> **Exercise goal**:
I would like every record printed again, exactly as shown.

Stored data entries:
lemma least_model_cut_imp:
  assumes m: "margins v d e s t" and xy: "s \<le> x" "x \<le> y" "y \<le> t"
  defines "v' \<equiv> drop d (take (length v - e) v)"
  assumes lm: "least_model \<Phi> v' R (x - d) (y - d)"
  shows "least_model \<Phi> v R x y"
proof -
  have "least_model \<Phi> v R (x - d + d) (y - d + d)"
  proof (rule least_model_transfer[where P="{(x, y). s - d \<le> x \<and> x \<le> y \<and> y \<le> t - d}" and f="\<lambda>p. p + d"])
    show "least_model \<Phi> v' R (x - d) (y - d)" "(x - d, y - d) \<in> {(x, y). s - d \<le> x \<and> x \<le> y \<and> y \<le> t - d}"
      using lm xy by auto
    fix x y assume "(x, y) \<in> {(x, y). s - d \<le> x \<and> x \<le> y \<and> y \<le> t - d}"
    then have P: "s \<le> x + d" "x + d \<le> y + d" "y + d \<le> t" "s - d \<le> x" "y \<le> t - d"
      using m by (auto simp: margins_def)
    show "1 \<le> x + d \<and> x + d \<le> y + d \<and> y + d \<le> length v"
      using P m by (auto simp: margins_def)
    fix ls h assume C: "(ls, h) \<in> set \<Phi>"
    show "body_guard v' x y ls \<Longrightarrow> body_guard v (x + d) (y + d) ls"
      using body_guard_cut[OF m P(1) _ _ P(3) C] P unfolding v'_def by auto
    fix S a b assume guard: "body_guard v' x y ls" and R: "RLit S a b \<in> set ls"
    have "a \<le> A" "b \<le> A"
      using hlit_offset_le_offset_bound[OF C R] by auto
    then have W: "shift (length v') x (int a) = shift (length v) (x + d) (int a) - d"
      "minus_w y b = minus_w (y + d) b - d"
      "d < shift (length v) (x + d) (int a)" "d < minus_w (y + d) b"
      using shift_cut[OF m P(1), of "int a"] minus_w_cut[OF m _ P(3), of b] P
      unfolding v'_def by auto
    then show "shift (length v) (x + d) (int a) = shift (length v') x (int a) + d \<and>
        minus_w (y + d) b = minus_w y b + d"
      by auto
    have "y \<le> length v'"
      using m P unfolding v'_def margins_def by auto
    then show "(shift (length v') x (int a), minus_w y b) \<notin> {(x, y). s - d \<le> x \<and> x \<le> y \<and> y \<le> t - d} \<Longrightarrow>
        least_model \<Phi> v' S (shift (length v') x (int a)) (minus_w y b) \<Longrightarrow>
        least_model \<Phi> v S (shift (length v') x (int a) + d) (minus_w y b + d)"
      using rel_atom_between[OF guard R] P m by (auto simp: margins_def)
  qed
  then show ?thesis
    using xy m by (simp add: margins_def)
qed

lemma least_model_cut_iff:
  assumes "margins v d e s t" "s \<le> x" "x \<le> y" "y \<le> t"
  shows "least_model \<Phi> v R x y \<longleftrightarrow> least_model \<Phi> (drop d (take (length v - e) v)) R (x - d) (y - d)"
  using least_model_imp_cut least_model_cut_imp assms by blast

lemma violation_cut_iff:
  assumes m: "margins v d e s t" and xy: "s \<le> x" "x \<le> y" "y \<le> t"
  defines "v' \<equiv> drop d (take (length v - e) v)"
  shows "violation \<Phi> v x y \<longleftrightarrow> violation \<Phi> v' (x - d) (y - d)"
proof -
  have rels: "body_rels (least_model \<Phi> v) (length v) x y ls \<longleftrightarrow>
      body_rels (least_model \<Phi> v') (length v') (x - d) (y - d) ls"
    if C: "(ls, HBot) \<in> set \<Phi>" and guard: "body_guard v x y ls" for ls
  proof -
    have "least_model \<Phi> v S (shift (length v) x (int a)) (minus_w y b) \<longleftrightarrow>
        least_model \<Phi> v' S (shift (length v') (x - d) (int a)) (minus_w (y - d) b)"
      if R: "RLit S a b \<in> set ls" for S a b
    proof -
      have "a \<le> A" "b \<le> A"
        using hlit_offset_le_offset_bound[OF C R] by auto
      then have "shift (length v') (x - d) (int a) = shift (length v) x (int a) - d"
        "minus_w (y - d) b = minus_w y b - d"
        using shift_cut[OF m xy(1), of "int a"] minus_w_cut[OF m _ xy(3), of b] xy
        unfolding v'_def by auto
      then show ?thesis
        using rel_atom_between[OF guard R] least_model_cut_iff[OF m] xy m
        unfolding v'_def by (auto simp: margins_def)
    qed
    then show ?thesis
      unfolding body_rels_def by blast
  qed
  have "length v' = length v - e - d"
    using m unfolding v'_def margins_def by auto
  then show ?thesis
    unfolding violation_def using body_guard_cut[OF m xy(1) _ _ xy(3)] rels xy m
    unfolding v'_def by (auto simp: margins_def)
qed

section \<open>Summaries of factors\<close>

definition ends :: "'s list \<Rightarrow> 's list + 's list \<times> 's list" where
  "ends u = (if length u \<le> 2 * K + 2 then Inl u else Inr (take K u, take K (rev u)))"

definition derived :: "'s list \<Rightarrow> ('s list \<times> 's list \<times> nat \<times> nat \<times> nat) set" where
  "derived u = {(l, r, R, i, j). length l \<le> K \<and> length r \<le> K \<and> i \<le> A \<and> j \<le> A \<and> i + j < length u \<and>
      least_model \<Phi> (l @ u @ r) R (length l + 1 + i) (length l + length u - j)}"

definition violated :: "'s list \<Rightarrow> ('s list \<times> 's list) set" where
  "violated u = {(l, r). length l \<le> K \<and> length r \<le> K \<and>
      (\<exists>x y. length l < x \<and> y \<le> length l + length u \<and> violation \<Phi> (l @ u @ r) x y)}"

definition summary :: "'s list \<Rightarrow> ('s list + 's list \<times> 's list) \<times>
    ('s list \<times> 's list \<times> nat \<times> nat \<times> nat) set \<times> ('s list \<times> 's list) set" where
  "summary u = (ends u, derived u, violated u)"

lemma butlast_margins:
  assumes "2 \<le> length u"
  obtains e where "margins (l @ u @ r) 0 e (length l + 1) (length l + length u - 1)"
    "drop 0 (take (length (l @ u @ r) - e) (l @ u @ r)) = l @ butlast u @ take K (last u # r)"
proof
  define e where "e = length r + 1 - min K (length r + 1)"
  have "u = butlast u @ [last u]"
    using assms by (intro append_butlast_last_id[symmetric]) auto
  then have u: "l @ u @ r = l @ butlast u @ (last u # r)"
    by (metis append.assoc append_Cons append_Nil)
  have "length (l @ u @ r) - e = length l + length (butlast u) + min K (length r + 1)"
    unfolding e_def using assms by auto
  moreover have "take (min A (length r)) r = take A r"
    by (simp add: min_def)
  ultimately show "drop 0 (take (length (l @ u @ r) - e) (l @ u @ r)) = l @ butlast u @ take K (last u # r)"
    unfolding u by (simp add: take_append)
  show "margins (l @ u @ r) 0 e (length l + 1) (length l + length u - 1)"
    unfolding margins_def e_def using assms by auto
qed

> **Response to this task**:
lemma least_model_cut_imp:
  assumes m: "margins v d e s t" and xy: "s \<le> x" "x \<le> y" "y \<le> t"
  defines "v' \<equiv> drop d (take (length v - e) v)"
  assumes lm: "least_model \<Phi> v' R (x - d) (y - d)"
  shows "least_model \<Phi> v R x y"
proof -
  have "least_model \<Phi> v R (x - d + d) (y - d + d)"
  proof (rule least_model_transfer[where P="{(x, y). s - d \<le> x \<and> x \<le> y \<and> y \<le> t - d}" and f="\<lambda>p. p + d"])
    show "least_model \<Phi> v' R (x - d) (y - d)" "(x - d, y - d) \<in> {(x, y). s - d \<le> x \<and> x \<le> y \<and> y \<le> t - d}"
      using lm xy by auto
    fix x y assume "(x, y) \<in> {(x, y). s - d \<le> x \<and> x \<le> y \<and> y \<le> t - d}"
    then have P: "s \<le> x + d" "x + d \<le> y + d" "y + d \<le> t" "s - d \<le> x" "y \<le> t - d"
      using m by (auto simp: margins_def)
    show "1 \<le> x + d \<and> x + d \<le> y + d \<and> y + d \<le> length v"
      using P m by (auto simp: margins_def)
    fix ls h assume C: "(ls, h) \<in> set \<Phi>"
    show "body_guard v' x y ls \<Longrightarrow> body_guard v (x + d) (y + d) ls"
      using body_guard_cut[OF m P(1) _ _ P(3) C] P unfolding v'_def by auto
    fix S a b assume guard: "body_guard v' x y ls" and R: "RLit S a b \<in> set ls"
    have "a \<le> A" "b \<le> A"
      using hlit_offset_le_offset_bound[OF C R] by auto
    then have W: "shift (length v') x (int a) = shift (length v) (x + d) (int a) - d"
      "minus_w y b = minus_w (y + d) b - d"
      "d < shift (length v) (x + d) (int a)" "d < minus_w (y + d) b"
      using shift_cut[OF m P(1), of "int a"] minus_w_cut[OF m _ P(3), of b] P
      unfolding v'_def by auto
    then show "shift (length v) (x + d) (int a) = shift (length v') x (int a) + d \<and>
        minus_w (y + d) b = minus_w y b + d"
      by auto
    have "y \<le> length v'"
      using m P unfolding v'_def margins_def by auto
    then show "(shift (length v') x (int a), minus_w y b) \<notin> {(x, y). s - d \<le> x \<and> x \<le> y \<and> y \<le> t - d} \<Longrightarrow>
        least_model \<Phi> v' S (shift (length v') x (int a)) (minus_w y b) \<Longrightarrow>
        least_model \<Phi> v S (shift (length v') x (int a) + d) (minus_w y b + d)"
      using rel_atom_between[OF guard R] P m by (auto simp: margins_def)
  qed
  then show ?thesis
    using xy m by (simp add: margins_def)
qed

lemma least_model_cut_iff:
  assumes "margins v d e s t" "s \<le> x" "x \<le> y" "y \<le> t"
  shows "least_model \<Phi> v R x y \<longleftrightarrow> least_model \<Phi> (drop d (take (length v - e) v)) R (x - d) (y - d)"
  using least_model_imp_cut least_model_cut_imp assms by blast

lemma violation_cut_iff:
  assumes m: "margins v d e s t" and xy: "s \<le> x" "x \<le> y" "y \<le> t"
  defines "v' \<equiv> drop d (take (length v - e) v)"
  shows "violation \<Phi> v x y \<longleftrightarrow> violation \<Phi> v' (x - d) (y - d)"
proof -
  have rels: "body_rels (least_model \<Phi> v) (length v) x y ls \<longleftrightarrow>
      body_rels (least_model \<Phi> v') (length v') (x - d) (y - d) ls"
    if C: "(ls, HBot) \<in> set \<Phi>" and guard: "body_guard v x y ls" for ls
  proof -
    have "least_model \<Phi> v S (shift (length v) x (int a)) (minus_w y b) \<longleftrightarrow>
        least_model \<Phi> v' S (shift (length v') (x - d) (int a)) (minus_w (y - d) b)"
      if R: "RLit S a b \<in> set ls" for S a b
    proof -
      have "a \<le> A" "b \<le> A"
        using hlit_offset_le_offset_bound[OF C R] by auto
      then have "shift (length v') (x - d) (int a) = shift (length v) x (int a) - d"
        "minus_w (y - d) b = minus_w y b - d"
        using shift_cut[OF m xy(1), of "int a"] minus_w_cut[OF m _ xy(3), of b] xy
        unfolding v'_def by auto
      then show ?thesis
        using rel_atom_between[OF guard R] least_model_cut_iff[OF m] xy m
        unfolding v'_def by (auto simp: margins_def)
    qed
    then show ?thesis
      unfolding body_rels_def by blast
  qed
  have "length v' = length v - e - d"
    using m unfolding v'_def margins_def by auto
  then show ?thesis
    unfolding violation_def using body_guard_cut[OF m xy(1) _ _ xy(3)] rels xy m
    unfolding v'_def by (auto simp: margins_def)
qed

section \<open>Summaries of factors\<close>

definition ends :: "'s list \<Rightarrow> 's list + 's list \<times> 's list" where
  "ends u = (if length u \<le> 2 * K + 2 then Inl u else Inr (take K u, take K (rev u)))"

definition derived :: "'s list \<Rightarrow> ('s list \<times> 's list \<times> nat \<times> nat \<times> nat) set" where
  "derived u = {(l, r, R, i, j). length l \<le> K \<and> length r \<le> K \<and> i \<le> A \<and> j \<le> A \<and> i + j < length u \<and>
      least_model \<Phi> (l @ u @ r) R (length l + 1 + i) (length l + length u - j)}"

definition violated :: "'s list \<Rightarrow> ('s list \<times> 's list) set" where
  "violated u = {(l, r). length l \<le> K \<and> length r \<le> K \<and>
      (\<exists>x y. length l < x \<and> y \<le> length l + length u \<and> violation \<Phi> (l @ u @ r) x y)}"

definition summary :: "'s list \<Rightarrow> ('s list + 's list \<times> 's list) \<times>
    ('s list \<times> 's list \<times> nat \<times> nat \<times> nat) set \<times> ('s list \<times> 's list) set" where
  "summary u = (ends u, derived u, violated u)"

lemma butlast_margins:
  assumes "2 \<le> length u"
  obtains e where "margins (l @ u @ r) 0 e (length l + 1) (length l + length u - 1)"
    "drop 0 (take (length (l @ u @ r) - e) (l @ u @ r)) = l @ butlast u @ take K (last u # r)"
proof
  define e where "e = length r + 1 - min K (length r + 1)"
  have "u = butlast u @ [last u]"
    using assms by (intro append_butlast_last_id[symmetric]) auto
  then have u: "l @ u @ r = l @ butlast u @ (last u # r)"
    by (metis append.assoc append_Cons append_Nil)
  have "length (l @ u @ r) - e = length l + length (butlast u) + min K (length r + 1)"
    unfolding e_def using assms by auto
  moreover have "take (min A (length r)) r = take A r"
    by (simp add: min_def)
  ultimately show "drop 0 (take (length (l @ u @ r) - e) (l @ u @ r)) = l @ butlast u @ take K (last u # r)"
    unfolding u by (simp add: take_append)
  show "margins (l @ u @ r) 0 e (length l + 1) (length l + length u - 1)"
    unfolding margins_def e_def using assms by auto
qed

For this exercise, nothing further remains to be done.